# Your goal
Copy all lines below containing "lemma".

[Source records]
lemma pt_backlund_density:
  assumes pt_phi: "\<And>x t. (x, t) \<in> U \<Longrightarrow> pt phi x t = - a * schwarzian_of_deriv (px phi) x t * px phi x t"
    and flux: "\<And>x t. (x, t) \<in> U \<Longrightarrow>
      pt (px phi) x t = px (\<lambda>x t. - a * schwarzian_of_deriv (px phi) x t * px phi x t) x t"
    and xt: "(x, t) \<in> U"
  shows "pt (\<lambda>x t. (w x t)\<^sup>2 / px phi x t) x t
    = a * (px (px (px (px phi))) x t * (w x t)\<^sup>2 / (px phi x t)\<^sup>2
      - 2 * A * w x t * px (px (px phi)) x t / px phi x t
      - 3 * px (px phi) x t * px (px (px phi)) x t * (w x t)\<^sup>2 / (px phi x t)^3
      + 3 * A * w x t * (px (px phi) x t)\<^sup>2 / (px phi x t)\<^sup>2
      + 3 / 2 * (px (px phi) x t)^3 * (w x t)\<^sup>2 / (px phi x t)^4)"
proof -
  define \<sigma> where "\<sigma> = schwarzian_of_deriv (px phi)"
  have \<sigma>: "smooth_on2 U \<sigma>"
    unfolding \<sigma>_def using phi_x by (intro smooth_on2_schwarzian_of_deriv[OF U] smooth_on2_px phi) auto
  note nz = phi_x[OF xt] w_nz[OF xt]
  have "pt (px phi) x t = px (\<lambda>x t. - a * \<sigma> x t * px phi x t) x t"
    unfolding \<sigma>_def by (rule flux[OF xt])
  also have "\<dots> = - a * (px \<sigma> x t * px phi x t + \<sigma> x t * px (px phi) x t)"
    using xt by (intro px_eqI)
      (auto intro!: derivative_eq_intros smooth_on2_has_px[OF U] smooth_on2_px phi \<sigma> simp: algebra_simps)
  finally have pt_px_phi: "pt (px phi) x t = \<dots>" .
  have pt_w: "pt w x t = - a * A * \<sigma> x t * px phi x t"
    using w_t[OF xt] pt_phi[OF xt] by (simp add: \<sigma>_def)
  have "((\<lambda>s. (w x s)\<^sup>2 / px phi x s) has_real_derivative
      (2 * w x t * pt w x t * px phi x t - (w x t)\<^sup>2 * pt (px phi) x t) / (px phi x t)\<^sup>2) (at t)"
    using nz by (auto intro!: derivative_eq_intros smooth_on2_has_pt[OF U _ xt] smooth_on2_px phi w
        simp: field_simps power2_eq_square)
  then have "pt (\<lambda>x t. (w x t)\<^sup>2 / px phi x t) x t
      = (2 * w x t * pt w x t * px phi x t - (w x t)\<^sup>2 * pt (px phi) x t) / (px phi x t)\<^sup>2"
    by (rule pt_eqI)
  also have "\<dots> = a * (px (px (px (px phi))) x t * (w x t)\<^sup>2 / (px phi x t)\<^sup>2
      - 2 * A * w x t * px (px (px phi)) x t / px phi x t
      - 3 * px (px phi) x t * px (px (px phi)) x t * (w x t)\<^sup>2 / (px phi x t)^3
      + 3 * A * w x t * (px (px phi) x t)\<^sup>2 / (px phi x t)\<^sup>2
      + 3 / 2 * (px (px phi) x t)^3 * (w x t)\<^sup>2 / (px phi x t)^4)"
    unfolding pt_w pt_px_phi px_schwarzian_of_deriv[OF U smooth_on2_px[OF phi] xt nz(1), folded \<sigma>_def]
    unfolding \<sigma>_def schwarzian_of_deriv_def
    using nz by (simp add: field_simps power2_eq_square power3_eq_cube power4_eq_xxxx)
  finally show ?thesis .
qed

lemma px_backlund_flux:
  assumes xt: "(x, t) \<in> U"
  shows "px (\<lambda>x t. - a * schwarzian_of_deriv (\<lambda>x t. (w x t)\<^sup>2 / px phi x t) x t
      * ((w x t)\<^sup>2 / px phi x t)) x t
    = a * (px (px (px (px phi))) x t * (w x t)\<^sup>2 / (px phi x t)\<^sup>2
      - 2 * A * w x t * px (px (px phi)) x t / px phi x t
      - 3 * px (px phi) x t * px (px (px phi)) x t * (w x t)\<^sup>2 / (px phi x t)^3
      + 3 * A * w x t * (px (px phi) x t)\<^sup>2 / (px phi x t)\<^sup>2
      + 3 / 2 * (px (px phi) x t)^3 * (w x t)\<^sup>2 / (px phi x t)^4)"
proof -
  have "px (\<lambda>x t. - a * schwarzian_of_deriv (\<lambda>x t. (w x t)\<^sup>2 / px phi x t) x t
      * ((w x t)\<^sup>2 / px phi x t)) x t
    = px (\<lambda>x t. a * (px (px (px phi)) x t * (w x t)\<^sup>2 / (px phi x t)\<^sup>2
      - (px (px phi) x t)\<^sup>2 * (w x t)\<^sup>2 / (2 * (px phi x t)^3)
      - 4 * A * px (px phi) x t * w x t / px phi x t + 4 * A\<^sup>2 * px phi x t)) x t"
  proof (rule px_cong[OF U xt], clarify)
    fix y s assume ys: "(y, s) \<in> U"
    show "- a * schwarzian_of_deriv (\<lambda>x t. (w x t)\<^sup>2 / px phi x t) y s * ((w y s)\<^sup>2 / px phi y s)
      = a * (px (px (px phi)) y s * (w y s)\<^sup>2 / (px phi y s)\<^sup>2
        - (px (px phi) y s)\<^sup>2 * (w y s)\<^sup>2 / (2 * (px phi y s)^3)
        - 4 * A * px (px phi) y s * w y s / px phi y s + 4 * A\<^sup>2 * px phi y s)"
      unfolding schwarzian_of_deriv_backlund[OF ys] using phi_x[OF ys] w_nz[OF ys]
      by (simp add: field_simps power2_eq_square power3_eq_cube)
  qed
  also have "\<dots> = a * (px (px (px (px phi))) x t * (w x t)\<^sup>2 / (px phi x t)\<^sup>2
      - 2 * A * w x t * px (px (px phi)) x t / px phi x t
      - 3 * px (px phi) x t * px (px (px phi)) x t * (w x t)\<^sup>2 / (px phi x t)^3
      + 3 * A * w x t * (px (px phi) x t)\<^sup>2 / (px phi x t)\<^sup>2
      + 3 / 2 * (px (px phi) x t)^3 * (w x t)\<^sup>2 / (px phi x t)^4)"
  proof (rule px_eqI)
    have "((\<lambda>y. w y t) has_real_derivative A * px phi x t) (at x)"
      using smooth_on2_has_px[OF U w xt] w_x[OF xt] by simp
    moreover have "((\<lambda>y. px phi y t) has_real_derivative px (px phi) x t) (at x)"
      "((\<lambda>y. px (px phi) y t) has_real_derivative px (px (px phi)) x t) (at x)"
      "((\<lambda>y. px (px (px phi)) y t) has_real_derivative px (px (px (px phi))) x t) (at x)"
      by (intro smooth_on2_has_px[OF U _ xt] smooth_on2_px phi)+
    ultimately show "((\<lambda>y. a * (px (px (px phi)) y t * (w y t)\<^sup>2 / (px phi y t)\<^sup>2
        - (px (px phi) y t)\<^sup>2 * (w y t)\<^sup>2 / (2 * (px phi y t)^3)
        - 4 * A * px (px phi) y t * w y t / px phi y t + 4 * A\<^sup>2 * px phi y t)) has_real_derivative
        a * (px (px (px (px phi))) x t * (w x t)\<^sup>2 / (px phi x t)\<^sup>2
      - 2 * A * w x t * px (px (px phi)) x t / px phi x t
      - 3 * px (px phi) x t * px (px (px phi)) x t * (w x t)\<^sup>2 / (px phi x t)^3
      + 3 * A * w x t * (px (px phi) x t)\<^sup>2 / (px phi x t)\<^sup>2
      + 3 / 2 * (px (px phi) x t)^3 * (w x t)\<^sup>2 / (px phi x t)^4)) (at x)"
      using phi_x[OF xt] w_nz[OF xt]
      by (auto intro!: derivative_eq_intros simp: field_simps power2_eq_square power3_eq_cube power4_eq_xxxx)
  qed
  finally show ?thesis .
qed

# Problem solution
lemma pt_backlund_density:
lemma px_backlund_flux:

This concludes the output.